Material for the task:
____

(* Let $\langle\mathcal U,\mathcal S,k\rangle$ be an instance of Set Cover as in the context and $D_{SC}$ the associated digraph with functions $F,B$. If there exists a set cover of size $k$ (a $k$-element subfamily of $\mathcal S$ whose union is $\mathcal U$), then the ST problem for $(D_{SC},F,B)$ has a positive answer.
   Context: Snow Team problem (ST): given a digraph $D=(\mathcal V,\mathcal A)$ whose underlying graph is connected, and $F:\mathcal V\to\{0,1\}$, $B:\mathcal V\to\mathbb N$, with $\mathbf k_B=\sum_vB(v)$: do there exist $\mathbf k_B$ directed walks, exactly $B(v)$ of which start at each $v$, such that, letting $H$ be the subgraph consisting of the vertices and arcs of these walks, all vertices of $F^{-1}(1)$ lie in one connected component of the underlying undirected graph of $H$? Such walks form a solution. Construction: $\mathcal U=\{1,\dots,n\}$, $\mathcal S=\{S_1,\dots,S_m\}$ with $S_t\subseteq\mathcal U$, $\bigcup_tS_t=\mathcal U$, and $1\le k\le m$. Write $S_t=\{x_1<\dots<x_{\ell(t)}\}$ and $I_i=\{j: i\in S_j\}$. The digraph $D_{SC}$ has vertices $u_i$ ($i\in\mathcal U$); $u_{i,j},u'_{i,j},v_{i,j},v'_{i,j}$ ($i\in\mathcal U$, $j\in I_i$); and $z,z_1,\dots,z_k$. Its arcs are those of the vertical paths $P_{i,j}=(u_{i,j},u_i,u'_{i,j},v_{i,j},v'_{i,j})$ ($i\in\mathcal U,j\in I_i$), of the horizontal paths $P^h_t=(z,v_{x_1,t},v_{x_2,t},\dots,v_{x_{\ell(t)},t})$ ($t\in\{1,\dots,m\}$, with $x_1<\dots<x_{\ell(t)}$ the elements of $S_t$), and the arcs $(z_l,z)$ for $l=1,\dots,k$. The $i$-th element component $C_i$ is the subgraph induced by $\bigcup_{j\in I_i}V(P_{i,j})$. Set $F(v)=1$ for all vertices $v$, and $B(v)=1$ if $v$ is a source of $D_{SC}$ (i.e. $v\in\{u_{i,j}\}\cup\{z_1,\dots,z_k\}$) and $B(v)=0$ otherwise. *)

theory Defs
  imports Main
begin

definition walk_arcs :: "'v list \<Rightarrow> ('v \<times> 'v) set" where
  "walk_arcs w = set (zip w (tl w))"

definition dwalk :: "'v set \<Rightarrow> ('v \<times> 'v) set \<Rightarrow> 'v list \<Rightarrow> bool" where
  "dwalk V A w \<longleftrightarrow> w \<noteq> [] \<and> set w \<subseteq> V \<and> walk_arcs w \<subseteq> A"

definition H_verts :: "'v list list \<Rightarrow> 'v set" where
  "H_verts ws = (\<Union>w\<in>set ws. set w)"

definition H_arcs :: "'v list list \<Rightarrow> ('v \<times> 'v) set" where
  "H_arcs ws = (\<Union>w\<in>set ws. walk_arcs w)"

definition st_solution ::
  "'v set \<Rightarrow> ('v \<times> 'v) set \<Rightarrow> ('v \<Rightarrow> nat) \<Rightarrow> ('v \<Rightarrow> nat) \<Rightarrow> 'v list list \<Rightarrow> bool" where
  "st_solution V A F B ws \<longleftrightarrow>
     (\<forall>w\<in>set ws. dwalk V A w) \<and>
     length ws = (\<Sum>v\<in>V. B v) \<and>
     (\<forall>v\<in>V. length (filter (\<lambda>w. hd w = v) ws) = B v) \<and>
     {v\<in>V. F v = 1} \<subseteq> H_verts ws \<and>
     (\<forall>x\<in>{v\<in>V. F v = 1}. \<forall>y\<in>{v\<in>V. F v = 1}.
        (x, y) \<in> (H_arcs ws \<union> (H_arcs ws)\<inverse>)\<^sup>*)"

definition st_positive :: "'v set \<Rightarrow> ('v \<times> 'v) set \<Rightarrow> ('v \<Rightarrow> nat) \<Rightarrow> ('v \<Rightarrow> nat) \<Rightarrow> bool" where
  "st_positive V A F B \<longleftrightarrow> (\<exists>ws. st_solution V A F B ws)"

definition is_source :: "'v set \<Rightarrow> ('v \<times> 'v) set \<Rightarrow> 'v \<Rightarrow> bool" where
  "is_source V A v \<longleftrightarrow> v \<in> V \<and> (\<nexists>u. (u, v) \<in> A)"

text \<open>Universe {1..n}, family S 1, ..., S m (indexed by {1..m}), budget k.\<close>

datatype vtx = U nat | Uij nat nat | Uij' nat nat | Vij nat nat | Vij' nat nat | Z | Zl nat

definition Iset :: "nat \<Rightarrow> (nat \<Rightarrow> nat set) \<Rightarrow> nat \<Rightarrow> nat set" where
  "Iset m S i = {j\<in>{1..m}. i \<in> S j}"

definition dsc_V :: "nat \<Rightarrow> nat \<Rightarrow> nat \<Rightarrow> (nat \<Rightarrow> nat set) \<Rightarrow> vtx set" where
  "dsc_V n m k S =
     U ` {1..n}
     \<union> (\<Union>i\<in>{1..n}. \<Union>j\<in>Iset m S i. {Uij i j, Uij' i j, Vij i j, Vij' i j})
     \<union> {Z} \<union> Zl ` {1..k}"

definition vert_path :: "nat \<Rightarrow> nat \<Rightarrow> vtx list" where
  "vert_path i j = [Uij i j, U i, Uij' i j, Vij i j, Vij' i j]"

definition horiz_path :: "(nat \<Rightarrow> nat set) \<Rightarrow> nat \<Rightarrow> vtx list" where
  "horiz_path S t = Z # map (\<lambda>x. Vij x t) (sorted_list_of_set (S t))"

definition dsc_A :: "nat \<Rightarrow> nat \<Rightarrow> nat \<Rightarrow> (nat \<Rightarrow> nat set) \<Rightarrow> (vtx \<times> vtx) set" where
  "dsc_A n m k S =
     (\<Union>i\<in>{1..n}. \<Union>j\<in>Iset m S i. walk_arcs (vert_path i j))
     \<union> (\<Union>t\<in>{1..m}. walk_arcs (horiz_path S t))
     \<union> (\<lambda>l. (Zl l, Z)) ` {1..k}"

definition dsc_F :: "vtx \<Rightarrow> nat" where
  "dsc_F v = 1"

definition dsc_B :: "nat \<Rightarrow> nat \<Rightarrow> nat \<Rightarrow> (nat \<Rightarrow> nat set) \<Rightarrow> vtx \<Rightarrow> nat" where
  "dsc_B n m k S v = (if is_source (dsc_V n m k S) (dsc_A n m k S) v then 1 else 0)"

end

theory Submission
  imports Defs
begin

text \<open>Fix a cover \<open>S (c 1), \<dots>, S (c k)\<close>. Let each source \<open>u_{i,j}\<close> walk along its vertical
  path \<open>P_{i,j}\<close>, and each source \<open>z_l\<close> walk to \<open>z\<close> and on along the horizontal path of
  \<open>S (c l)\<close>. If the element \<open>i\<close> lies in \<open>S (c l)\<close>, then \<open>v_{i,c l}\<close> lies on the walk of \<open>z_l\<close> and
  on that of \<open>u_{i,c l}\<close>, which links \<open>u_i\<close> to \<open>z\<close>; and every vertex of the element component
  \<open>C_i\<close> lies on a walk through \<open>u_i\<close>. So every vertex is covered by the walks and connected to \<open>z\<close>.\<close>

abbreviation undirected_reach :: "('v \<times> 'v) set \<Rightarrow> ('v \<times> 'v) set" where
  "undirected_reach E \<equiv> (E \<union> E\<inverse>)\<^sup>*"

lemma sym_undirected_reach: "sym (undirected_reach E)"
  by (simp add: sym_Un_converse sym_rtrancl)

lemma walk_arcs_Cons_Cons: "walk_arcs (a # b # w) = insert (a, b) (walk_arcs (b # w))"
  by (simp add: walk_arcs_def)

lemma walk_arcs_subset: "walk_arcs w \<subseteq> set w \<times> set w"
  by (cases w) (auto simp: walk_arcs_def dest: set_zip_leftD set_zip_rightD)

lemma walk_arcs_target: "(a, b) \<in> walk_arcs w \<Longrightarrow> b \<in> set (tl w)"
  by (auto simp: walk_arcs_def dest: set_zip_rightD)

lemma hd_walk_reaches: "x \<in> set w \<Longrightarrow> (hd w, x) \<in> (walk_arcs w)\<^sup>*"
proof (induction w rule: induct_list012)
  case (3 a b w)
  have "(hd (b # w), x) \<in> (walk_arcs (a # b # w))\<^sup>*" if "x \<in> set (b # w)"
    using "3.IH"(2)[OF that] rtrancl_mono[of "walk_arcs (b # w)"]
    by (auto simp: walk_arcs_Cons_Cons)
  then show ?case
    using "3.prems" by (auto simp: walk_arcs_Cons_Cons intro: converse_rtrancl_into_rtrancl)
qed auto

lemma walk_vertices_connected:
  assumes "x \<in> X" "a \<in> set (wk x)" "b \<in> set (wk x)"
  shows "(a, b) \<in> undirected_reach (\<Union>x\<in>X. walk_arcs (wk x))"
proof -
  let ?E = "\<Union>x\<in>X. walk_arcs (wk x)"
  have "(walk_arcs (wk x))\<^sup>* \<subseteq> undirected_reach ?E"
    using assms(1) by (intro rtrancl_mono) blast
  then have "(hd (wk x), a) \<in> undirected_reach ?E" "(hd (wk x), b) \<in> undirected_reach ?E"
    using hd_walk_reaches[OF assms(2)] hd_walk_reaches[OF assms(3)] by blast+
  then show ?thesis
    by (blast intro: rtrancl_trans dest: symD[OF sym_undirected_reach])
qed

lemma st_positive_by_hub:
  fixes wk :: "'v \<Rightarrow> 'v list" and X :: "'v set"
  defines "E \<equiv> \<Union>x\<in>X. walk_arcs (wk x)"
  assumes "finite V" "X \<subseteq> V"
    and budget: "\<And>v. v \<in> V \<Longrightarrow> B v = (if v \<in> X then 1 else 0)"
    and walks: "\<And>x. x \<in> X \<Longrightarrow> dwalk V A (wk x) \<and> hd (wk x) = x"
    and hub: "z \<in> (\<Union>x\<in>X. set (wk x))"
    and reach: "\<And>v. v \<in> V \<Longrightarrow> F v = 1 \<Longrightarrow> (z, v) \<in> undirected_reach E"
  shows "st_positive V A F B"
proof -
  obtain xs where xs: "set xs = X" "distinct xs"
    using finite_distinct_list finite_subset[OF \<open>X \<subseteq> V\<close> \<open>finite V\<close>] by blast
  define ws where "ws = map wk xs"
  have arcs: "H_arcs ws = E" and verts: "H_verts ws = (\<Union>x\<in>X. set (wk x))"
    by (auto simp: H_arcs_def H_verts_def E_def ws_def xs(1))
  have "Field E \<subseteq> H_verts ws"
    using walk_arcs_subset by (fastforce simp: verts E_def Field_def)
  have covered: "v \<in> H_verts ws" if "(z, v) \<in> undirected_reach E" for v
  proof -
    from that have "v = z \<or> v \<in> Field E"
      by (cases rule: rtranclE) (auto simp: Field_def)
    then show ?thesis
      using \<open>Field E \<subseteq> H_verts ws\<close> hub verts by blast
  qed
  have count: "length (filter (\<lambda>w. hd w = v) ws) = (if v \<in> X then 1 else 0)" for v
  proof -
    have "filter ((\<lambda>w. hd w = v) \<circ> wk) xs = filter (\<lambda>x. x = v) xs"
      using walks xs(1) by (intro filter_cong) auto
    then show ?thesis
      using distinct_length_filter[OF xs(2)] xs(1) by (simp add: ws_def filter_map Collect_conv_if)
  qed
  have "(\<Sum>v\<in>V. B v) = (\<Sum>v\<in>V. if v \<in> X then 1 else 0)"
    using budget by (intro sum.cong) simp_all
  also have "\<dots> = card (V \<inter> X)"
    using \<open>finite V\<close> by (simp add: sum.If_cases)
  also have "\<dots> = length ws"
    using \<open>X \<subseteq> V\<close> distinct_card[OF xs(2)] xs(1) by (simp add: ws_def Int_absorb1)
  finally have length: "length ws = (\<Sum>v\<in>V. B v)" ..
  have connected: "(v, v') \<in> undirected_reach E"
    if "v \<in> V" "F v = 1" "v' \<in> V" "F v' = 1" for v v'
    using rtrancl_trans[OF symD[OF sym_undirected_reach reach[OF that(1,2)]] reach[OF that(3,4)]] .
  have "st_solution V A F B ws"
    unfolding st_solution_def arcs
  proof (intro conjI ballI)
    show "dwalk V A w" if "w \<in> set ws" for w
      using that walks xs(1) by (auto simp: ws_def)
    show "length ws = (\<Sum>v\<in>V. B v)"
      by (fact length)
    show "length (filter (\<lambda>w. hd w = v) ws) = B v" if "v \<in> V" for v
      using count budget that by simp
    show "{v \<in> V. F v = 1} \<subseteq> H_verts ws"
      using covered reach by blast
    show "(v, v') \<in> undirected_reach E"
      if "v \<in> {v \<in> V. F v = 1}" "v' \<in> {v \<in> V. F v = 1}" for v v'
      using connected that by blast
  qed
  then show ?thesis
    unfolding st_positive_def by blast
qed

____

Task description: From the line that contains "using connected that by blast" through the last line of the listing, every line is to be restated word for word, both ends included.

Problem solution:
      using connected that by blast
  qed
  then show ?thesis
    unfolding st_positive_def by blast
qed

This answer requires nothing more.